Strangely, there is another kind of hope in my work, which actually comes from my lack of faith. You see, when it comes to things like genetically engineered creatures, I am just as interested in the failures that might occur as the successes. As a lover of diversity and unusualness of every kind, I see a wonderful possibility in the unexpected. There is a certain tendency to normalise in medicine, and also the increasing pathologisation of things that were just idiosyncrasies until they could be 'cured'. When you couple these tendencies with the desire for 'economies of scale' that the markets impose, I see a real threat to diversity of all kinds. We can already see how GM in industrialised food production is leading to fewer and fewer species of crops. In my work, you see this strange hope that our own mistakes might actually go some way towards countering that.
JM: In recent years, it has become increasingly apparent that your work ponders the incredible diversity and specialist functions of ‘naturally’ evolved species, in relation to which many of your creatures are no more or less sensational.
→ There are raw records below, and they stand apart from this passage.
(* Equip $\mathfrak g$ with the quadratic bracket ${\rm PB}_2({\rm A}_1,{\rm A}_2,{\rm S})$. Let $\varphi$ be an Ad-invariant function on $\mathfrak g$ and $\psi(T)=\varphi(T\mathcal F^{-1})=\varphi(\mathcal F^{-1}T)$. Then the Hamiltonian equations of motion of $\psi$ read $\dot T=T\mathcal C_2-\mathcal C_1T$ with $\mathcal C_1=\frac12\mathcal F\,{\rm R}\big(\mathcal F^{-1}d\varphi(T\mathcal F^{-1})\big)$, $\mathcal C_2=\frac12{\rm R}\big(d\varphi(\mathcal F^{-1}T)\mathcal F^{-1}\big)\mathcal F$, where $d\varphi(Y)=Y\nabla\varphi(Y)$.
   Context: Periodic lattice setting: $N\ge2$; $\mathfrak g=\{X(\lambda)\in gl(N)[\lambda,\lambda^{-1}]:\Omega X(\lambda)\Omega^{-1}=X(\omega\lambda)\}$, $\omega=e^{2\pi i/N}$, $\Omega=\mathrm{diag}(1,\omega,\dots,\omega^{N-1})$, matrix indices modulo $N$; $\langle X,Y\rangle$ = coefficient of $\lambda^0$ in $\mathrm{tr}(XY)$. $\mathfrak g_p=\{\lambda^p\sum_{j-k\equiv p}x_{jk}E_{jk}\}$; $P_0,P_{>0},P_{\ge0},P_{<0}$ projections onto $\mathfrak g_0$, $\oplus_{p>0}\mathfrak g_p$, $\oplus_{p\ge0}\mathfrak g_p$, $\oplus_{p<0}\mathfrak g_p$; ${\rm R}=P_{\ge0}-P_{<0}$, ${\rm R}_0=P_{>0}-P_{<0}$; $W$ linear, $W=W\circ P_0$, $W(E_{kk})=\sum_j\mathrm{sgn}(k-j)E_{jj}$; ${\rm A}_1={\rm R}_0+W$, ${\rm A}_2={\rm R}_0-W$, ${\rm S}=P_0-W$, ${\rm S}^*=P_0+W$. Gradient: $\langle\nabla\varphi(L),M\rangle=\frac{d}{d\varepsilon}\varphi(L+\varepsilon M)|_{\varepsilon=0}$; $d\varphi(L)=L\nabla\varphi(L)$, $d'\varphi(L)=\nabla\varphi(L)L$; Ad-invariant: $[\nabla\varphi(L),L]=0$ for all $L$. ${\rm PB}_2({\rm A}_1,{\rm A}_2,{\rm S})$: $\{\varphi,\psi\}_2=\frac12\langle{\rm A}_1(d'\varphi),d'\psi\rangle-\frac12\langle{\rm A}_2(d\varphi),d\psi\rangle+\frac12\langle{\rm S}(d\varphi),d'\psi\rangle-\frac12\langle{\rm S}^*(d'\varphi),d\psi\rangle$. $\alpha$ real, $\mathcal F=I-\alpha\lambda\sum_kE_{k+1,k}$, $\mathcal F^{-1}$ a formal power series in $\lambda$. Hamiltonian flow of $H$: $\frac{d}{dt}f=\{H,f\}$. *)

theory Defs
  imports Complex_Main
begin

text \<open>Twisted loop algebra over gl(N), completed to formal Laurent series in lambda
  that are bounded below.  A series is a coefficient function
  X p j k = entry (j,k) of the coefficient of lambda^p (indices j,k in {0..<N}).\<close>

type_synonym ser = "int \<Rightarrow> nat \<Rightarrow> nat \<Rightarrow> complex"

definition inS :: "nat \<Rightarrow> ser \<Rightarrow> bool" where
  "inS N X \<longleftrightarrow>
     (\<forall>p j k. X p j k \<noteq> 0 \<longrightarrow> j < N \<and> k < N \<and> int N dvd (int j - int k - p)) \<and>
     (\<exists>c. \<forall>p<c. \<forall>j k. X p j k = 0)"

text \<open>The loop algebra g itself: Laurent polynomials (finite support).\<close>
definition inG :: "nat \<Rightarrow> ser \<Rightarrow> bool" where
  "inG N X \<longleftrightarrow> inS N X \<and> (\<exists>d. \<forall>p>d. \<forall>j k. X p j k = 0)"

definition lb :: "ser \<Rightarrow> int" where
  "lb X = (SOME c. \<forall>p<c. \<forall>j k. X p j k = 0)"

definition sadd :: "ser \<Rightarrow> ser \<Rightarrow> ser" where
  "sadd X Y = (\<lambda>p j k. X p j k + Y p j k)"

definition sdiff :: "ser \<Rightarrow> ser \<Rightarrow> ser" where
  "sdiff X Y = (\<lambda>p j k. X p j k - Y p j k)"

definition sscale :: "complex \<Rightarrow> ser \<Rightarrow> ser" where
  "sscale c X = (\<lambda>p j k. c * X p j k)"

definition smult :: "nat \<Rightarrow> ser \<Rightarrow> ser \<Rightarrow> ser" where
  "smult N X Y = (\<lambda>p j k. \<Sum>q\<in>{lb X..p - lb Y}. \<Sum>l<N. X q j l * Y (p - q) l k)"

definition sone :: "nat \<Rightarrow> ser" where
  "sone N = (\<lambda>p j k. if p = 0 \<and> j = k \<and> j < N then 1 else 0)"

definition spair :: "nat \<Rightarrow> ser \<Rightarrow> ser \<Rightarrow> complex" where
  "spair N X Y = (\<Sum>j<N. smult N X Y 0 j j)"

definition P0 :: "ser \<Rightarrow> ser" where
  "P0 X = (\<lambda>p j k. if p = 0 then X p j k else 0)"
definition Pgt0 :: "ser \<Rightarrow> ser" where
  "Pgt0 X = (\<lambda>p j k. if p > 0 then X p j k else 0)"
definition Pge0 :: "ser \<Rightarrow> ser" where
  "Pge0 X = (\<lambda>p j k. if p \<ge> 0 then X p j k else 0)"
definition Plt0 :: "ser \<Rightarrow> ser" where
  "Plt0 X = (\<lambda>p j k. if p < 0 then X p j k else 0)"

definition Rop :: "ser \<Rightarrow> ser" where
  "Rop X = sdiff (Pge0 X) (Plt0 X)"
definition R0op :: "ser \<Rightarrow> ser" where
  "R0op X = sdiff (Pgt0 X) (Plt0 X)"

text \<open>W = W o P0, W(E_kk) = sum_j sgn(k - j) E_jj.\<close>
definition Wop :: "nat \<Rightarrow> ser \<Rightarrow> ser" where
  "Wop N X = (\<lambda>p j k. if p = 0 \<and> j = k \<and> j < N
      then (\<Sum>i<N. of_int (sgn (int i - int j)) * X 0 i i) else 0)"

definition A1op :: "nat \<Rightarrow> ser \<Rightarrow> ser" where "A1op N X = sadd (R0op X) (Wop N X)"
definition A2op :: "nat \<Rightarrow> ser \<Rightarrow> ser" where "A2op N X = sdiff (R0op X) (Wop N X)"
definition Sop :: "nat \<Rightarrow> ser \<Rightarrow> ser" where "Sop N X = sdiff (P0 X) (Wop N X)"
definition Sstar :: "nat \<Rightarrow> ser \<Rightarrow> ser" where "Sstar N X = sadd (P0 X) (Wop N X)"

definition Fmat :: "nat \<Rightarrow> real \<Rightarrow> ser" where
  "Fmat N \<alpha> = (\<lambda>p j k. (if p = 0 \<and> j = k \<and> j < N then 1 else 0)
       - (if p = 1 \<and> k < N \<and> j = (k + 1) mod N then complex_of_real \<alpha> else 0))"

definition Finv :: "nat \<Rightarrow> real \<Rightarrow> ser" where
  "Finv N \<alpha> = (THE Y. inS N Y \<and> smult N (Fmat N \<alpha>) Y = sone N \<and> smult N Y (Fmat N \<alpha>) = sone N)"

definition is_grad :: "nat \<Rightarrow> (ser \<Rightarrow> bool) \<Rightarrow> (ser \<Rightarrow> complex) \<Rightarrow> ser \<Rightarrow> ser \<Rightarrow> bool" where
  "is_grad N D f L G \<longleftrightarrow> inS N G \<and>
     (\<forall>M. D M \<longrightarrow> ((\<lambda>e::real. f (sadd L (sscale (complex_of_real e) M)))
                      has_vector_derivative spair N G M) (at 0))"

definition grad :: "nat \<Rightarrow> (ser \<Rightarrow> bool) \<Rightarrow> (ser \<Rightarrow> complex) \<Rightarrow> ser \<Rightarrow> ser" where
  "grad N D f L = (SOME G. is_grad N D f L G)"

definition PB2 :: "nat \<Rightarrow> (ser \<Rightarrow> complex) \<Rightarrow> (ser \<Rightarrow> complex) \<Rightarrow> ser \<Rightarrow> complex" where
  "PB2 N f h L =
     (let X = grad N (inG N) f L; Y = grad N (inG N) h L;
          dX = smult N L X; d'X = smult N X L;
          dY = smult N L Y; d'Y = smult N Y L
      in (1/2) * spair N (A1op N d'X) d'Y - (1/2) * spair N (A2op N dX) dY
         + (1/2) * spair N (Sop N dX) d'Y - (1/2) * spair N (Sstar N d'X) dY)"

end

theory Submission
  imports Defs "HOL-Analysis.Derivative"
begin

text \<open>Put \<open>U = T\<F>\<^sup>-\<^sup>1\<close> and \<open>V = \<F>\<^sup>-\<^sup>1T\<close>. Since \<open>\<psi>(T) = \<phi>(U) = \<phi>(V)\<close>, the gradient
  of \<open>\<psi>\<close> at \<open>T\<close> is both \<open>\<F>\<^sup>-\<^sup>1\<nabla>\<phi>(U)\<close> and \<open>\<nabla>\<phi>(V)\<F>\<^sup>-\<^sup>1\<close>. With
  \<open>E = \<F>\<^sup>-\<^sup>1T\<nabla>\<phi>(V)\<F>\<^sup>-\<^sup>1\<close> this gives \<open>d\<psi> = \<F>E\<close> and, by Ad-invariance of \<open>\<phi>\<close> at
  \<open>V\<close>, \<open>d'\<psi> = E\<F>\<close>; moreover \<open>\<F>\<^sup>-\<^sup>1d\<phi>(U) = d\<phi>(V)\<F>\<^sup>-\<^sup>1 = E\<close>.
  By cyclicity of the pairing the bracket only involves
  \<open>A\<^sub>1(E\<F>) + S(\<F>E)\<close> and \<open>A\<^sub>2(\<F>E) + S\<^sup>*(E\<F>)\<close>. A direct computation shows that these
  equal \<open>R(E)\<F> + c\<close> and \<open>\<F>R(E) + c\<close> for one and the same scalar \<open>c\<close>: away from degree 0
  the projections commute with \<open>\<F>\<close>, and in degree 0 the \<open>W\<close>-terms telescope around the
  cycle of indices. The scalar cancels in \<open>T(\<dots>) - (\<dots>)T\<close>, leaving \<open>T\<C>\<^sub>2 - \<C>\<^sub>1T\<close>.\<close>

section \<open>Twisted series bounded below\<close>

definition vanishes_below :: "ser \<Rightarrow> int \<Rightarrow> bool" where
  "vanishes_below X a \<longleftrightarrow> (\<forall>p<a. \<forall>j k. X p j k = 0)"

definition twisted :: "nat \<Rightarrow> ser \<Rightarrow> bool" where
  "twisted N X \<longleftrightarrow>
     (\<forall>p j k. X p j k \<noteq> 0 \<longrightarrow> j < N \<and> k < N \<and> int N dvd (int j - int k - p))"

lemma inS_iff: "inS N X \<longleftrightarrow> twisted N X \<and> (\<exists>a. vanishes_below X a)"
  unfolding inS_def twisted_def vanishes_below_def by blast

lemma vanishes_belowD: "vanishes_below X a \<Longrightarrow> p < a \<Longrightarrow> X p j k = 0"
  unfolding vanishes_below_def by blast

lemma vanishes_below_lb: "\<exists>a. vanishes_below X a \<Longrightarrow> vanishes_below X (lb X)"
  unfolding lb_def vanishes_below_def by (rule someI_ex)

lemma vanishes_below_mono: "vanishes_below X a \<Longrightarrow> b \<le> a \<Longrightarrow> vanishes_below X b"
  unfolding vanishes_below_def by auto

lemma inS_vanishes_below: "inS N X \<Longrightarrow> \<exists>a. vanishes_below X a"
  by (simp add: inS_iff)

lemma inS_common_bound:
  assumes "inS N X" "inS N Y"
  obtains a where "vanishes_below X a" "vanishes_below Y a"
proof -
  obtain a b where "vanishes_below X a" "vanishes_below Y b" using assms inS_iff by blast
  then show ?thesis
    using that[of "min a b"] vanishes_below_mono by (metis min.cobounded1 min.cobounded2)
qed
lemma small_graphs_card:
  "card (verts K1) = 1" "card (verts K2) = 2" "card (verts E2) = 2" "card (verts P3) = 3"
  by (simp_all add: K1_def K2_def E2_def P3_def)

lemma small_graphs_edges: "edges K1 = {}" "edges E2 = {}"
  by (simp_all add: K1_def E2_def)

lemma hom_K2_less_hom_P3:
  assumes "is_graph F" "edges F \<noteq> {}" "hom F K2 \<noteq> 0"
  shows "hom F K2 < hom F P3"
proof -
  obtain h where h: "h \<in> homs F K2"
    using assms(3) unfolding hom_def by (metis card.empty ex_in_conv)
  define reflect :: "nat \<Rightarrow> nat" where "reflect = restrict (\<lambda>x. 2 - x) {0, 1}"
  define h' where "h' = restrict (reflect \<circ> h) (verts F)"
  have "reflect \<in> homs K2 P3"
    by (auto simp: homs_def reflect_def K2_def P3_def)
  then have "h' \<in> homs F P3"
    unfolding h'_def by (rule restrict_comp_in_homs[OF assms(1) h])
  moreover have "h' \<notin> homs F K2"
  proof
    assume h': "h' \<in> homs F K2"
    obtain u v where uv: "(u, v) \<in> edges F"
      using assms(2) by auto
    with assms(1) have "u \<in> verts F" "v \<in> verts F"
      by (auto simp: is_graph_def)
    moreover have "(h u, h v) \<in> edges K2"
      using h uv by (simp add: homs_def)
    ultimately have "h' u = 2 \<or> h' v = 2"
      by (auto simp: h'_def reflect_def K2_def)
    moreover have "h' u \<in> verts K2" "h' v \<in> verts K2"
      using h' \<open>u \<in> verts F\<close> \<open>v \<in> verts F\<close> by (auto simp: homs_def)
    ultimately show False
      by (auto simp: K2_def)
  qed
  moreover have "homs F K2 \<subseteq> homs F P3"
    by (rule homs_mono) (auto simp: K2_def P3_def)
  moreover have "finite (homs F P3)"
    using assms(1) by (intro finite_homs) (auto simp: is_graph_def P3_def)
  ultimately have "card (homs F K2) < card (homs F P3)"
    by (intro psubset_card_mono) auto
  then show ?thesis
    by (simp add: hom_def)
qed
lemma convex_on_lower_bound_linear:
  fixes f :: "'a::euclidean_space \<Rightarrow> real"
  assumes "convex_on UNIV f"
  obtains c where "c \<ge> 0" "\<And>p. f 0 - c * norm p \<le> f p"
proof -
  obtain M where M: "M \<ge> 0" "\<And>q. norm q \<le> 1 \<Longrightarrow> \<bar>f q\<bar> \<le> M"
    using convex_on_bounded_cball[OF assms] by blast
  have "f 0 - 2 * M * norm p \<le> f p" for p
  proof (cases "p = 0")
    case False
    define n where "n = norm p"
    have n: "n > 0" using False by (simp add: n_def)
    define r where "r = (1 / n) *\<^sub>R (- p)"
    have "norm r \<le> 1" using n by (simp add: r_def n_def)
    then have "\<bar>f r\<bar> \<le> M" "\<bar>f 0\<bar> \<le> M" using M(2) by auto
    then have r: "f r - f 0 \<le> 2 * M" by linarith
    moreover have "(1 + n) * f 0 \<le> f p + n * f r"
      using convex_on_extrapolation[OF assms n, of 0 p] by (simp add: r_def)
    moreover have "n * (f r - f 0) \<le> n * (2 * M)"
      using n r by (intro mult_left_mono) auto
    ultimately show ?thesis
      by (simp add: n_def[symmetric] algebra_simps)
  qed simp
  then show ?thesis using that[of "2 * M"] M(1) by simp
qed

lemma convex_on_lipschitz_on_cball:
  fixes f :: "'a::euclidean_space \<Rightarrow> real"
  assumes "convex_on UNIV f"
  obtains C where "C-lipschitz_on (cball 0 R) f"
proof -
  obtain M where M: "M \<ge> 0" "\<And>q. norm q \<le> \<bar>R\<bar> + 1 \<Longrightarrow> \<bar>f q\<bar> \<le> M"
    using convex_on_bounded_cball[OF assms] by blast
  have slope: "f p - f q \<le> 2 * M * dist p q" if "norm p \<le> R" "norm q \<le> R" for p q
  proof (cases "p = q")
    case False
    define d where "d = norm (p - q)"
    have d: "d > 0" using False by (simp add: d_def)
    define r where "r = p + (1 / d) *\<^sub>R (p - q)"
    have "norm r \<le> norm p + norm ((1 / d) *\<^sub>R (p - q))"
      unfolding r_def by (rule norm_triangle_ineq)
    also have "norm ((1 / d) *\<^sub>R (p - q)) = 1" using d by (simp add: d_def)
    finally have "\<bar>f r\<bar> \<le> M" "\<bar>f p\<bar> \<le> M" using M(2) that by auto
    then have r: "f r - f p \<le> 2 * M" by linarith
    moreover have "(1 + d) * f p \<le> f q + d * f r"
      using convex_on_extrapolation[OF assms d] by (simp add: r_def)
    moreover have "d * (f r - f p) \<le> d * (2 * M)"
      using d r by (intro mult_left_mono) auto
    ultimately show ?thesis
      by (simp add: dist_norm d_def[symmetric] algebra_simps)
  qed simp
  have "(2 * M)-lipschitz_on (cball 0 R) f"
  proof (rule lipschitz_onI)
    fix p q :: 'a assume "p \<in> cball 0 R" "q \<in> cball 0 R"
    then show "dist (f p) (f q) \<le> 2 * M * dist p q"
      using slope[of p q] slope[of q p] by (simp add: dist_real_def dist_commute)
  qed (use M(1) in simp)
  then show ?thesis by (rule that)
qed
To what extent is your work a meditation on evolutionary biology and the importance of biodiversity? You are in the process of developing a new body of work, which includes Eulogy created for this exhibition, to which these ideas (and cautions) are particularly pertinent, I believe.
All of the work in this exhibition, from the earliest photographs, through the video works to the most recent sculptures, are in one way or another a meditation on what constitutes “nature”, and what has and continues to impact on that definition. What is our “nature” in the contemporary world of media and biotechnology? How does that nature differ from traditional ecologies? That evolutionary forces form nature goes without saying, but it is important to remember that we are not somehow apart from those evolutionary forces. Speed is the only major difference between when a new species is created as a result of our technology or as a result of some other ecological constraint. We are not separate from nature, it is the world around us, the world of plastic and TV as well as the stuff we set aside in wildlife preserves. We do have the power to push nature in a direction that is, to me anyway, pretty horrible, but it will still be nature.
This is very much where my own predilections come in. I love the wonder and diversity I see in the natural world, and I would love us to be a part of expanding rather than contracting that. That is pretty idealistic and unrealistic, I guess, but you need to believe in something. Sometimes, it is interesting to sit back and reflect on how weird and amazing the world is, but also how fragile, and to wonder how much we've learned, or how little. That's what this new piece, Eulogy, is about. It's celebratory but at the same time mournful, and it's unusual for me in that I haven't made anything up. Sometimes, you don't need to.